The two most popular types of microphones used for audio recording are the moving coil (dynamic) microphone, and the electret microphone. I recommend using electret microphones for computer applications involving voice, because they are affected less by electromagnetic interference from the computer and monitor. The coil of wire in a dynamic microphone vibrates back and forth within the field of a fixed magnet when activated by sound waves, generating an alternating current. But this coil of wire is also highly sensitive to the magnetic fields put out by the monitor, computer, and other devices. Electret microphones operate on changes in capacitance induced by vibration. They are not affected much by magnetic fields, and are often mounted directly on a computer monitor when used for conferencing and speech recognition. The main drawback of electret microphones is their relatively poor high-frequency response, but this is not critical for speech applications. Another consideration is that electret microphones require a bias voltage to be applied before the signal can be amplified. This may be in the form of a battery built into the microphone, or may be added to the preamplifier circuit (which I did). If you wish to run the microphone into a Line In jack on your sound card, a preamp gain of 100 to 1000 may be required depending on the microphone, sound card, and the distance to the speaker.

Sound Sampling Parameters

Changes in speaker distance can have a dramatic effect on the output level of the microphones. For this reason, its important to get the maximum dynamic range possible during digitization, which means 16 bits/sample. At 8 bits/sample, it is very likely that quantization effects will trash your sampled signal's SNR when the volume gets weak. I suspect this is a major cause of problems for unsuccessful sound projects I've seen that used 8-bit sampling. To measure interaural delay, a higher sampling rate provides better resolution. I used 44,100 samples per second sampling in order to get an interaural delay range of about (38 samples for a 30 cm microphone spacing.

Sound Cards

There are two possible places to process sound data: on the sound card, or on the host processor. Most sound cards do not allow the user to run a DSP program on board the card; Mwave(TM) -based cards are a notable exception. (Creative Labs Sound Blaster 16/32/64 "ASP" cards cannot, if you were wondering.) Examples of Mwave cards are the IBM Multimedia Modem, Spectrum Office FX and similar cards bundled with some IBM and Acer computers. The IBM IMDSP2080 Mwave chip on my IBM DSP Sound Card is a Harvard-architecture DSP that runs at 20 million instructions per second, with some of those instructions being parallel load, multiply and add operations, yielding up to 60 million integer operations per second for assembly code written to take advantage of it. This is a great way to offload sound processing from the host CPU and save those cycles for image processing. The Mwave programmer's toolkits for OS/2 and Windows are available from IBM.

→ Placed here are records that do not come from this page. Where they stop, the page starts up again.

(* Let $M$ be a distance-based tree reconstruction method and suppose that for each $n$ it has $l_\infty$ safety radius $\rho_n>0$ on binary trees with $n$ leaves. Then for every $\eta>0$ and every $n$ there is $s_n>0$ such that $M$ has $\eta$-stochastic safety radius (at least) $s_n$ for all binary phylogenetic trees with $n$ leaves. Moreover, $s_n$ can be taken arbitrarily close to $\frac12\rho_n$ as $n\to\infty$: for every $\eta>0$ and every $\theta\in(0,1)$ there exists $N$ such that for all $n\ge N$, $M$ has $\eta$-stochastic safety radius at least $\theta\cdot\frac12\rho_n$ for all binary phylogenetic trees with $n$ leaves.
   Context: A phylogenetic $X$-tree is a tree whose leaves are bijectively labelled by the finite set $X$ and whose interior vertices have degree at least 3; it is binary if all interior vertices have degree 3. For a binary phylogenetic $X$-tree $T$ with positive edge lengths $w$, $d_{(T,w)}$ denotes the tree metric (path-length distance between leaves) and $w_{\min}$ the minimum length of an interior (non-pendant) edge. A distance-based tree reconstruction method $M$ assigns (measurably) to every finite set $X$ and every dissimilarity map $\delta:\{\{x,y\}:x\ne y\in X\}\to\mathbb{R}$ a phylogenetic $X$-tree topology $M(\delta)$; $M(\delta)=T$ means equality of (unrooted) topologies. $M$ has $l_\infty$ safety radius $\rho_n$ (on $n$-leaf trees) if for every binary phylogenetic $X$-tree $T$ with $|X|=n$ and positive edge lengths $w$, and every dissimilarity map $\delta$ on $X$, $\max_{x\ne y}|\delta(x,y)-d_{(T,w)}(x,y)|<\rho_n w_{\min}$ implies $M(\delta)=T$. Random errors model: $\delta(x,y)=d_{(T,w)}(x,y)+\epsilon_{xy}$ with the $\epsilon_{xy}$ (one per unordered pair) independent $N(0,\sigma^2)$, where $\sigma^2=c^2/\log(n)$ for some $c\ne 0$ and $n=|X|$ ($\log$ the natural logarithm). For $\eta>0$, $M$ has $\eta$-stochastic safety radius $s$ (on $n$-leaf trees) if for every binary phylogenetic $X$-tree $T$ with $|X|=n$ and positive edge lengths, and $\delta$ drawn from the random errors model with parameter $c$, $c<s\cdot w_{\min}$ implies $\mathbb{P}(M(\delta)=T)\ge 1-\eta$. *)

theory Defs
  imports "HOL-Probability.Probability"
begin

text \<open>Phylogenetic X-trees are encoded as finite graphs (V, E) whose vertices have type
  'a + nat: the leaf labelled x is the vertex Inl x, interior vertices are Inr k.
  Edges are 2-element vertex sets.\<close>

type_synonym 'a vert = "'a + nat"
type_synonym 'a ptree = "'a vert set \<times> 'a vert set set"

definition degree :: "'v set set \<Rightarrow> 'v \<Rightarrow> nat" where
  "degree E v = card {e \<in> E. v \<in> e}"

definition is_path :: "'v set set \<Rightarrow> 'v list \<Rightarrow> 'v \<Rightarrow> 'v \<Rightarrow> bool" where
  "is_path E p u v \<longleftrightarrow> p \<noteq> [] \<and> hd p = u \<and> last p = v \<and> distinct p \<and>
     (\<forall>i. Suc i < length p \<longrightarrow> {p ! i, p ! Suc i} \<in> E)"

definition path_edges :: "'v list \<Rightarrow> 'v set set" where
  "path_edges p = {{p ! i, p ! Suc i} | i. Suc i < length p}"

definition has_cycle :: "'v set set \<Rightarrow> bool" where
  "has_cycle E \<longleftrightarrow> (\<exists>p. 3 \<le> length p \<and> distinct p \<and>
     (\<forall>i. Suc i < length p \<longrightarrow> {p ! i, p ! Suc i} \<in> E) \<and> {last p, hd p} \<in> E)"

definition phylo_tree :: "'a set \<Rightarrow> 'a ptree \<Rightarrow> bool" where
  "phylo_tree X T \<longleftrightarrow> (case T of (V, E) \<Rightarrow>
     finite V \<and>
     E \<subseteq> {{u, v} | u v. u \<in> V \<and> v \<in> V \<and> u \<noteq> v} \<and>
     (\<forall>u\<in>V. \<forall>v\<in>V. \<exists>p. is_path E p u v) \<and>
     \<not> has_cycle E \<and>
     {v \<in> V. degree E v \<le> 1} = Inl ` X \<and>
     V - Inl ` X \<subseteq> range Inr \<and>
     (\<forall>v \<in> V - Inl ` X. 3 \<le> degree E v))"

definition binary_phylo_tree :: "'a set \<Rightarrow> 'a ptree \<Rightarrow> bool" where
  "binary_phylo_tree X T \<longleftrightarrow> phylo_tree X T \<and>
     (\<forall>v \<in> fst T - Inl ` X. degree (snd T) v = 3)"

definition same_topology :: "'a set \<Rightarrow> 'a ptree \<Rightarrow> 'a ptree \<Rightarrow> bool" where
  "same_topology X T1 T2 \<longleftrightarrow> (\<exists>f. bij_betw f (fst T1) (fst T2) \<and>
     (\<forall>x\<in>X. f (Inl x) = Inl x) \<and>
     (\<forall>u\<in>fst T1. \<forall>v\<in>fst T1. {u, v} \<in> snd T1 \<longleftrightarrow> {f u, f v} \<in> snd T2))"

definition tree_metric :: "'v set set \<Rightarrow> ('v set \<Rightarrow> real) \<Rightarrow> 'v \<Rightarrow> 'v \<Rightarrow> real" where
  "tree_metric E w u v = (\<Sum>e \<in> path_edges (THE p. is_path E p u v). w e)"

text \<open>Minimum length of an interior (non-pendant) edge; +infinity if there is none.\<close>
definition wmin :: "'a set \<Rightarrow> 'a ptree \<Rightarrow> ('a vert set \<Rightarrow> real) \<Rightarrow> ereal" where
  "wmin X T w = (INF e \<in> {e \<in> snd T. e \<inter> Inl ` X = {}}. ereal (w e))"

text \<open>Unordered pairs of distinct elements of X; dissimilarity maps are functions on them.\<close>
definition pairs :: "'a set \<Rightarrow> 'a set set" where
  "pairs X = {{x, y} | x y. x \<in> X \<and> y \<in> X \<and> x \<noteq> y}"

definition dissim_space :: "'a set \<Rightarrow> ('a set \<Rightarrow> real) measure" where
  "dissim_space X = (\<Pi>\<^sub>M p \<in> pairs X. (borel :: real measure))"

To process sound on the host CPU, the samples must be copied (via DMA) into system memory buffers by the sound card's device driver. The multimedia programming libraries for the operating system will define how the programmer may access the sound data. Under OS/2, the programming interface is called "Direct Audio Real Time," or "DART." Under Windows, the functions are called WaveInOpen(), WaveInread(), etc.. I do not know how to accomplish this under Linux or Macintosh. Note that sample buffers will be transferred to memory a few thousand bytes at a time, rather than one sample at a time, so your software must be designed to process batches of data efficiently. The large buffer sizes are designed to reduce the amount of interruptions and context switch overhead on the CPU. For processing on board the sound card, on the other hand, buffer sizes of only 32 bytes are required as it is designed for frequent context switches (the Mwave card has a real-time operating system that runs multiple DSP tasks on board.)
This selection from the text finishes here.